| Task to complete |
Please repeat, unchanged, the lines at the top of the listing below, ending with the one that has "b^2) = (12*c".

| Exercise inputs |
lemma toeplitz_params_if_coeff_equations:
  fixes a b c :: real
  assumes ab: "9*a*b = (12*c - 6) * (a + b) - 12*c^2 + 6*c + 2"
    and sq: "9 * (a^2 + b^2) = (12*c + 3) * (a + b) - 12*c^2 + 6*c - 4"
    and cub: "9*a*b * (5*c - 1) = 24 * (a + b) * (3*c^2 - 3*c + 1) - 76*c^3 + 78*c^2 - 10*c - 8"
  shows "(a, b, c, c + 1/2) \<in> toeplitz_params"
proof -
  have sum: "(a + b - 2*c) * (a + b - 2*c + 1) = 0"
    using ab sq by algebra
  have "b = 2*c - a \<and> (c = 1/2 \<or> c = 1 \<or> c = 3/2) \<or> b = 2*c - 1 - a \<and> (c = 1 \<or> c = 3/2 \<or> c = 2)"
  proof (cases "b = 2*c - a")
    case True
    then have "(2*c - 1) * (c - 1) * (2*c - 3) = 0" using ab cub by algebra
    with True show ?thesis unfolding mult_eq_0_iff by arith
  next
    case False
    with sum have b: "b = 2*c - 1 - a" unfolding mult_eq_0_iff by arith
    then have "(c - 1) * (2*c - 3) * (c - 2) = 0" using ab cub by algebra
    with b show ?thesis unfolding mult_eq_0_iff by arith
  qed
  then consider
      "b = 2*c - a" "c = 1/2" | "b = 2*c - a" "c = 1" | "b = 2*c - a" "c = 3/2"
    | "b = 2*c - 1 - a" "c = 1" | "b = 2*c - 1 - a" "c = 3/2" | "b = 2*c - 1 - a" "c = 2"
    by blast
  then show ?thesis
  proof cases
    case 1
    then have "(3*a - 1) * (3*a - 2) = 0" using ab by algebra
    then have "a = 1/3 \<or> a = 2/3" unfolding mult_eq_0_iff by arith
    with 1 show ?thesis by (auto simp: toeplitz_params_def)
  next
    case 2
    then have "(3*a - 2) * (3*a - 4) = 0" using ab by algebra
    then have "a = 2/3 \<or> a = 4/3" unfolding mult_eq_0_iff by arith
    with 2 show ?thesis by (auto simp: toeplitz_params_def)
  next
    case 3
    then have "(3*a - 4) * (3*a - 5) = 0" using ab by algebra
    then have "a = 4/3 \<or> a = 5/3" unfolding mult_eq_0_iff by arith
    with 3 show ?thesis by (auto simp: toeplitz_params_def)
  next
    case 4
    then have "(3*a - 1) * (3*a - 2) = 0" using ab by algebra
    then have "a = 1/3 \<or> a = 2/3" unfolding mult_eq_0_iff by arith
    with 4 show ?thesis by (auto simp: toeplitz_params_def)
  next
    case 5
    then have "(3*a - 2) * (3*a - 4) = 0" using ab by algebra
    then have "a = 2/3 \<or> a = 4/3" unfolding mult_eq_0_iff by arith
    with 5 show ?thesis by (auto simp: toeplitz_params_def)
  next
    case 6
    then have "(3*a - 4) * (3*a - 5) = 0" using ab by algebra
    then have "a = 4/3 \<or> a = 5/3" unfolding mult_eq_0_iff by arith
    with 6 show ?thesis by (auto simp: toeplitz_params_def)
  qed
qed

lemma toeplitz_params_if_recurrence:
  assumes "0 < c" "0 < d" "toeplitz_recurrence a b c d"
  shows "(a, b, c, d) \<in> toeplitz_params"
proof -
  have reflected_eq_0:
    "beta_clear (reflect_poly \<circ> lam_num_shift a b c d) (reflect_poly \<circ> lam_den_shift c d) = 0"
    "gamma_clear (reflect_poly \<circ> lam_num_shift a b c d) (reflect_poly \<circ> lam_den_shift c d) = 0"
    using clear_eq_0_if_toeplitz_recurrence[OF assms] reflect_clear_eq_0 degree_lam_shift by blast+
  then have d: "d = c + 1/2"
    using coeff_reflect_beta_clear_1[of a b c d] by simp
  show ?thesis
    using reflected_eq_0 coeff_reflect_clear_2_3[of a b c] unfolding d
    by (intro toeplitz_params_if_coeff_equations) (auto simp: algebra_simps)
qed

theorem theorem13:
  fixes a b c d :: real
  assumes "a > 0" "b > 0" "c > 0" "d > 0"
  shows "(\<forall>n::nat. n \<ge> 1 \<longrightarrow>
            beta_rc a b c d n = 3 * (4/27) \<and>
            alpha_rc a b c d (n+1) = 3 * (4/27)^2 \<and>
            gamma_rc a b c d (n+1) = (4/27)^3)
     \<longleftrightarrow> (a, b, c, d) \<in> {(1/3, 2/3, 1/2, 1), (2/3, 1/3, 1/2, 1),
                         (1/3, 2/3, 1, 3/2), (2/3, 1/3, 1, 3/2),
                         (2/3, 4/3, 1, 3/2), (4/3, 2/3, 1, 3/2),
                         (2/3, 4/3, 3/2, 2), (4/3, 2/3, 3/2, 2),
                         (4/3, 5/3, 3/2, 2), (5/3, 4/3, 3/2, 2),
                         (4/3, 5/3, 2, 5/2), (5/3, 4/3, 2, 5/2)}"
  unfolding toeplitz_recurrence_def[symmetric] toeplitz_params_def[symmetric]
  using toeplitz_params_if_recurrence toeplitz_recurrence_if_params assms(3,4) by blast
lemma pd_rot: "pd (rot m n \<alpha>) d = rot m n (Re d *\<^sub>R gen_u m n \<alpha> + Im d *\<^sub>R gen_v \<alpha>)"
  by (simp add: fun_eq_iff pd_has_derivative[OF rot_has_derivative])

lemma pd_rot_1: "pd (rot m n \<alpha>) 1 = rot m n (gen_u m n \<alpha>)"
  and pd_rot_i: "pd (rot m n \<alpha>) \<i> = rot m n (gen_v \<alpha>)"
  by (simp_all add: pd_rot)

text \<open>All iterated derivatives of w |-> rot w alpha are again of this form, hence smooth.\<close>

lemma smooth_rot: "smooth_map (rot m n \<alpha>)"
proof -
  have iter: "\<exists>\<beta>. iterpd ds (rot m n \<alpha>) = rot m n \<beta>" for ds
  proof (induction ds)
    case (Cons d ds)
    then obtain \<beta> where "iterpd ds (rot m n \<alpha>) = rot m n \<beta>" by blast
    then have "iterpd (d # ds) (rot m n \<alpha>) =
        rot m n (Re d *\<^sub>R gen_u m n \<beta> + Im d *\<^sub>R gen_v \<beta>)"
      by (simp add: pd_rot)
    then show ?case by blast
  qed (rule exI[of _ \<alpha>], simp)
  show ?thesis
    unfolding smooth_map_def
  proof (intro allI)
    fix ds p
    obtain \<beta> where "iterpd ds (rot m n \<alpha>) = rot m n \<beta>" using iter by blast
    then show "iterpd ds (rot m n \<alpha>) differentiable at p"
      using rot_has_derivative[of m n \<beta> p] by (auto simp: differentiable_def)
  qed
qed

lemma lor_rot: "lor (rot m n \<alpha> w) (rot m n \<beta> w) = lor \<alpha> \<beta>"
proof -
  have rot4: "(a1 * (A * C) - a2 * (A * D) - a3 * (S * C) + a4 * (S * D)) *
         (b1 * (A * C) - b2 * (A * D) - b3 * (S * C) + b4 * (S * D)) +
         (a1 * (A * D) + a2 * (A * C) - a3 * (S * D) - a4 * (S * C)) *
         (b1 * (A * D) + b2 * (A * C) - b3 * (S * D) - b4 * (S * C)) +
         (a1 * (S * C) - a2 * (S * D) + a3 * (A * C) - a4 * (A * D)) *
         (b1 * (S * C) - b2 * (S * D) + b3 * (A * C) - b4 * (A * D)) +
         (a1 * (S * D) + a2 * (S * C) + a3 * (A * D) + a4 * (A * C)) *
         (b1 * (S * D) + b2 * (S * C) + b3 * (A * D) + b4 * (A * C)) -
         (a5 * E - a6 * G) * (b5 * E - b6 * G) - (a5 * G + a6 * E) * (b5 * G + b6 * E) =
         (a1*b1 + a2*b2 + a3*b3 + a4*b4) * ((A^2 + S^2) * (C^2 + D^2)) - (a5*b5 + a6*b6) * (E^2 + G^2)"
    for a1 a2 a3 a4 a5 a6 b1 b2 b3 b4 b5 b6 A S C D E G :: real
    by algebra
  show ?thesis
    unfolding rot_def Let_def lor_expand mk6_nth rot4 by simp
qed

definition crot :: "real \<Rightarrow> real \<Rightarrow> real^6 \<Rightarrow> real^6 \<Rightarrow> complex \<Rightarrow> complex^6" where
  "crot m n \<alpha> \<beta> w = cvec (rot m n \<alpha> w) + \<i> *s cvec (rot m n \<beta> w)"

lemma crot_nth: "crot m n \<alpha> \<beta> w $ j = Complex (rot m n \<alpha> w $ j) (rot m n \<beta> w $ j)"
  by (simp add: crot_def cvec_def complex_eq_iff)

lemma crot_eqI: "\<alpha> = \<gamma> \<Longrightarrow> \<beta> = \<delta> \<Longrightarrow> crot m n \<alpha> \<beta> w = crot m n \<gamma> \<delta> w"
  by simp

lemma crot_add: "crot m n \<alpha> \<beta> w + crot m n \<gamma> \<delta> w = crot m n (\<alpha> + \<gamma>) (\<beta> + \<delta>) w"
  and crot_diff: "crot m n \<alpha> \<beta> w - crot m n \<gamma> \<delta> w = crot m n (\<alpha> - \<gamma>) (\<beta> - \<delta>) w"
  and crot_smult: "z *s crot m n \<alpha> \<beta> w =
      crot m n (Re z *\<^sub>R \<alpha> - Im z *\<^sub>R \<beta>) (Im z *\<^sub>R \<alpha> + Re z *\<^sub>R \<beta>) w"
  and cvec_rot: "cvec (rot m n \<alpha> w) = crot m n \<alpha> 0 w"
  and vcnj_crot: "vcnj (crot m n \<alpha> \<beta> w) = crot m n \<alpha> (- \<beta>) w"
  and crot_zero: "crot m n 0 0 w = 0"
  by (simp_all add: vec_eq_iff crot_nth cvec_def vcnj_def rot_add rot_diff rot_scaleR rot_uminus
      complex_eq_iff)

lemma vRe_crot [simp]: "vRe (crot m n \<alpha> \<beta> w) = rot m n \<alpha> w"
  and vIm_crot [simp]: "vIm (crot m n \<alpha> \<beta> w) = rot m n \<beta> w"
  by (simp_all add: vec_eq_iff crot_nth vRe_def vIm_def)

lemma clor_crot: "clor (crot m n \<alpha> \<beta> w) (crot m n \<gamma> \<delta> w) =
   Complex (lor \<alpha> \<gamma> - lor \<beta> \<delta>) (lor \<alpha> \<delta> + lor \<beta> \<gamma>)"
proof -
  have "clor (crot m n \<alpha> \<beta> w) (crot m n \<gamma> \<delta> w) =
     Complex (lor (rot m n \<alpha> w) (rot m n \<gamma> w) - lor (rot m n \<beta> w) (rot m n \<delta> w))
             (lor (rot m n \<alpha> w) (rot m n \<delta> w) + lor (rot m n \<beta> w) (rot m n \<gamma> w))"
    by (simp add: clor_def lor_def crot_nth complex_eq_iff sum_6 algebra_simps)
  then show ?thesis by (simp add: lor_rot)
qed

lemma crot_has_derivative:
  "(crot m n \<alpha> \<beta> has_derivative
     (\<lambda>h. crot m n (Re h *\<^sub>R gen_u m n \<alpha> + Im h *\<^sub>R gen_v \<alpha>)
                   (Re h *\<^sub>R gen_u m n \<beta> + Im h *\<^sub>R gen_v \<beta>) w)) (at w)"
proof -
  have lin_cvec: "bounded_linear cvec"
    unfolding linear_conv_bounded_linear[symmetric]
    by (rule linearI) (simp_all add: cvec_def vec_eq_iff, simp add: scaleR_conv_of_real)
  have lin_i: "bounded_linear (\<lambda>x::complex^6. \<i> *s x)"
    unfolding linear_conv_bounded_linear[symmetric]
    by (rule linearI) (simp_all add: vec_eq_iff algebra_simps scaleR_conv_of_real)
  show ?thesis
    unfolding crot_def[abs_def]
    by (intro has_derivative_add bounded_linear.has_derivative[OF lin_cvec rot_has_derivative]
        bounded_linear.has_derivative[OF lin_i] bounded_linear.has_derivative[OF lin_cvec])
      (rule rot_has_derivative)
qed
lemma frob_inner_mult_left:
  assumes A: "A \<in> carrier_mat n k" and B: "B \<in> carrier_mat k m" and C: "C \<in> carrier_mat n m"
  shows "frob_inner (A * B) C = frob_inner B (A\<^sup>T * C)"
proof -
  have "frob_inner (A * B) C = (\<Sum>i<n. \<Sum>j<m. \<Sum>l<k. A $$ (i,l) * B $$ (l,j) * C $$ (i,j))"
    using A B C unfolding frob_inner_def
    by (simp add: scalar_prod_def sum_distrib_right atLeast0LessThan)
  also have "\<dots> = (\<Sum>l<k. \<Sum>j<m. \<Sum>i<n. A $$ (i,l) * B $$ (l,j) * C $$ (i,j))"
    by (subst sum.swap, subst sum.swap, rule sum.cong, simp, subst sum.swap, simp)
  also have "\<dots> = frob_inner B (A\<^sup>T * C)"
    using A B C unfolding frob_inner_def
    by (simp add: scalar_prod_def sum_distrib_left atLeast0LessThan mult_ac)
  finally show ?thesis .
qed

lemma frob_inner_mult_right:
  assumes A: "A \<in> carrier_mat m k" and B: "B \<in> carrier_mat n m" and C: "C \<in> carrier_mat n k"
  shows "frob_inner (B * A) C = frob_inner B (C * A\<^sup>T)"
proof -
  have "frob_inner (B * A) C = (\<Sum>i<n. \<Sum>j<k. \<Sum>l<m. B $$ (i,l) * A $$ (l,j) * C $$ (i,j))"
    using A B C unfolding frob_inner_def
    by (simp add: scalar_prod_def sum_distrib_right atLeast0LessThan)
  also have "\<dots> = (\<Sum>i<n. \<Sum>l<m. \<Sum>j<k. B $$ (i,l) * A $$ (l,j) * C $$ (i,j))"
    by (rule sum.cong, simp, subst sum.swap, simp)
  also have "\<dots> = frob_inner B (C * A\<^sup>T)"
    using A B C unfolding frob_inner_def
    by (simp add: scalar_prod_def sum_distrib_left atLeast0LessThan mult_ac)
  finally show ?thesis .
qed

| Response area |
lemma toeplitz_params_if_coeff_equations:
  fixes a b c :: real
  assumes ab: "9*a*b = (12*c - 6) * (a + b) - 12*c^2 + 6*c + 2"
    and sq: "9 * (a^2 + b^2) = (12*c + 3) * (a + b) - 12*c^2 + 6*c - 4"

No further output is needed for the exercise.